First Mining Gold – The Springpole Explorer Newsletter
Posted: April 16, 2025
Springpole Explorer Newsletter Spring 2025
On July 16, 2021, the Supreme Court of Canada released its decision in Lac Seul First Nation’s flooding claim against Canada – Southwind v. Canada. The full decision is available at: https://decisions.scc-csc.ca/scc-csc/scc-csc/en/item/18955/index.do?q=southwind.
This case addresses how Lac Seul First Nation should be compensated for the illegal flooding of its reserve lands. The Court ruled that Canada’s fiduciary duty required it to obtain the highest possible compensation for the flooded reserve lands. That means the value of the flooded land must be assessed as part of the hydroelectric project, not valued simply as vacant bushland.
In 1929, over 11,000 acres of Lac Seul First Nation were flooded for a power dam constructed by Canada, Ontario, and Manitoba. The flooding was done without the First Nation’s consent and without compensation. Fourteen years later, the First Nation did receive a little compensation, but again without the First Nation’s consent, knowledge, or consultation. The reserve lands will continue to be flooded for the foreseeable future.
In 2017, the First Nation obtained a judgment in Federal Court against Canada for breach of fiduciary duty and was awarded $30 million. In that decision, the trial judge ruled that Canada would likely have expropriated the reserve land in 1929. The Court assessed damages based on an expropriation model which valued the flooded land as bushland and held this was the minimum legal duty Canada had to meet to obtain the reserve land.
In 2019, the Federal Court of Appeal agreed with the trial judge and affirmed the $30 million compensation amount based on the trial judge’s “expropriation compensation model”.

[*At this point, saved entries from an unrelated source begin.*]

(* Let \[0 \to A \xrightarrow{f} B \xrightarrow{g} C \to 0\] be a sequence of Hausdorff topological abelian groups and continuous homomorphisms which is exact as a sequence of abelian groups. Suppose that $f$ is a closed map and that for every compact subset $K \subseteq C$ there is a compact subset $B' \subseteq B$ with $g(B') \supseteq K$. Then the induced sequence of condensed abelian groups \[0 \to \underline{A} \to \underline{B} \to \underline{C} \to 0\] is exact.
   Context: An extremally disconnected set is a projective object in the category of compact Hausdorff spaces. A condensed set (resp. condensed abelian group) is a functor $T$ from the opposite of the category of extremally disconnected sets to sets (resp. abelian groups) with $T(\emptyset)=*$, $T(S_1\sqcup S_2)=T(S_1)\times T(S_2)$, and which is the left Kan extension of its restriction to $\kappa$-small extremally disconnected sets for some uncountable strong limit cardinal $\kappa$. For a T1 topological space (resp. topological abelian group) $X$, its condensation $\underline{X}$ is the condensed set (resp. condensed abelian group) $S \mapsto C(S,X)$, the continuous maps from $S$ to $X$. In condensed abelian groups, kernels and cokernels are computed sectionwise, so a sequence is exact iff it is exact after evaluation at every extremally disconnected $S$. *)

theory Defs
  imports "HOL-Analysis.Analysis"
begin

text \<open>An extremally disconnected set: a compact Hausdorff space in which the closure
  of every open set is open (equivalently, a projective object of CHaus).\<close>
definition extremally_disconnected :: "'d topology \<Rightarrow> bool" where
  "extremally_disconnected S \<longleftrightarrow> compact_space S \<and> Hausdorff_space S \<and>
     (\<forall>U. openin S U \<longrightarrow> openin S (S closure_of U))"

text \<open>Sections of the condensation of a topological abelian group X at S:
  the abelian group C(S,X) of continuous maps, represented by functions
  that are 0 outside the underlying set of S.\<close>
definition cond_sections :: "'d topology \<Rightarrow> ('d \<Rightarrow> 'x::{topological_space, zero}) set" where
  "cond_sections S = {\<phi>. continuous_map S euclidean \<phi> \<and> (\<forall>s. s \<notin> topspace S \<longrightarrow> \<phi> s = 0)}"

definition cond_map :: "('x \<Rightarrow> 'y) \<Rightarrow> ('d \<Rightarrow> 'x) \<Rightarrow> ('d \<Rightarrow> 'y)" where
  "cond_map f \<phi> = f \<circ> \<phi>"

definition short_exact :: "'a set \<Rightarrow> 'b set \<Rightarrow> 'c set \<Rightarrow> ('a \<Rightarrow> 'b) \<Rightarrow> ('b \<Rightarrow> 'c) \<Rightarrow> 'c \<Rightarrow> bool" where
  "short_exact X Y Z p q z \<longleftrightarrow> p ` X \<subseteq> Y \<and> q ` Y \<subseteq> Z \<and> inj_on p X \<and>
     p ` X = {y \<in> Y. q y = z} \<and> q ` Y = Z"

end

theory Submission
  imports Defs
begin

(* Sectionwise, exactness at the first two places is formal: since a continuous closed injection
   has a continuous inverse on its image, composing with f identifies C(S,A) with the maps
   S -> B landing in f(A) = ker g.  Surjectivity of C(S,B) -> C(S,C) is where extremal
   disconnectedness enters.  Given gamma : S -> C, the compact set gamma(S) lies in g(K) for a
   compact K in B, and the fibre product P = {(s,b) in S x K. gamma s = g b} is compact Hausdorff
   and surjects onto S.  By Gleason's argument this surjection has a continuous section: a closed
   F in P that is minimal among those surjecting onto S maps injectively, because distinct points
   a, b of F with the same image have disjoint neighbourhoods U, V, the open sets
   S - pi(F - U) and S - pi(F - V) are then disjoint, yet by minimality the closures of both
   contain pi a, which extremal disconnectedness forbids.  So pi is a homeomorphism from F onto S,
   and composing its inverse with the projection to K lifts gamma. *)

lemma Hausdorff_space_euclidean_t2: "Hausdorff_space (euclidean :: 'a::t2_space topology)"
  unfolding Hausdorff_space_def disjnt_def by (metis open_openin separation_t2)

lemma image_Inter_closedin_chain:
  assumes P: "compact_space P" and S: "t1_space S" and \<pi>: "continuous_map P S \<pi>"
    and ne: "\<F> \<noteq> {}" and ch: "subset.chain UNIV \<F>"
    and surj: "\<And>F. F \<in> \<F> \<Longrightarrow> closedin P F \<and> \<pi> ` F = topspace S"
  shows "\<pi> ` \<Inter>\<F> = topspace S"
proof
  show "\<pi> ` \<Inter>\<F> \<subseteq> topspace S"
    using ne surj by blast
  show "topspace S \<subseteq> \<pi> ` \<Inter>\<F>"
  proof
    fix s assume s: "s \<in> topspace S"
    define fibre where "fibre F = F \<inter> {x \<in> topspace P. \<pi> x \<in> {s}}" for F
    have fibre_closed: "closedin P (fibre F)" if "F \<in> \<F>" for F
      unfolding fibre_def using surj[OF that] closedin_t1_singleton[OF S s]
      by (blast intro: closedin_continuous_map_preimage[OF \<pi>])
    have fibre_fip: "\<Inter>(fibre ` \<G>) \<noteq> {}" if fin: "finite \<G>" and sub: "\<G> \<subseteq> \<F>" for \<G>
    proof (cases "\<G> = {}")
      case False
      then have "\<Inter>\<G> \<in> \<G>"
        using fin sub ch by (intro Inter_in_chain) (auto simp: subset_chain_def)
      then obtain x where x: "x \<in> \<Inter>\<G>" "\<pi> x = s"
        using surj s sub by (metis imageE subsetD)
      moreover have "x \<in> topspace P"
        using x \<open>\<Inter>\<G> \<in> \<G>\<close> sub surj closedin_subset by blast
      ultimately show ?thesis
        by (auto simp: fibre_def)
    qed (use s surj ne in \<open>auto simp: fibre_def\<close>)
    have "\<Inter>(fibre ` \<F>) \<noteq> {}"
    proof (rule P[unfolded compact_space_fip, rule_format], intro conjI ballI allI impI)
      show "closedin P C" if "C \<in> fibre ` \<F>" for C
        using that fibre_closed by blast
      fix \<C> assume "finite \<C> \<and> \<C> \<subseteq> fibre ` \<F>"
      then obtain \<G> where "\<G> \<subseteq> \<F>" "finite \<G>" "\<C> = fibre ` \<G>"
        by (meson finite_subset_image)
      then show "\<Inter>\<C> \<noteq> {}"
        using fibre_fip by blast
    qed
    then show "s \<in> \<pi> ` \<Inter>\<F>"
      using ne by (auto simp: fibre_def)
  qed
qed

The Supreme Court rejected the trial judge’s approach. The Court ruled that the question was not what Canada would likely have done in 1929, but what Canada ought to have done to fulfill its fiduciary duty to the First Nation. The Court agreed that Canada could expropriate the reserve land in 1929, but it found that did not define Canada’s fiduciary duty. Canada’s fiduciary duty was to negotiate compensation to reflect the land’s best value – while considering the importance of the land to the First Nation and the impact of the project.
The Supreme Court ruled that the Canada’s obligation was to get the highest possible compensation for the First Nation. But the trial judge did not assess the First Nation’s lost opportunity to negotiate compensation that reflects the land’s value to the hydroelectric project. So, the Supreme Court ordered that the Federal Court’s award for equitable compensation must be set aside and returned the case to the Federal Court for reassessment, guided by the principles from the Supreme Court.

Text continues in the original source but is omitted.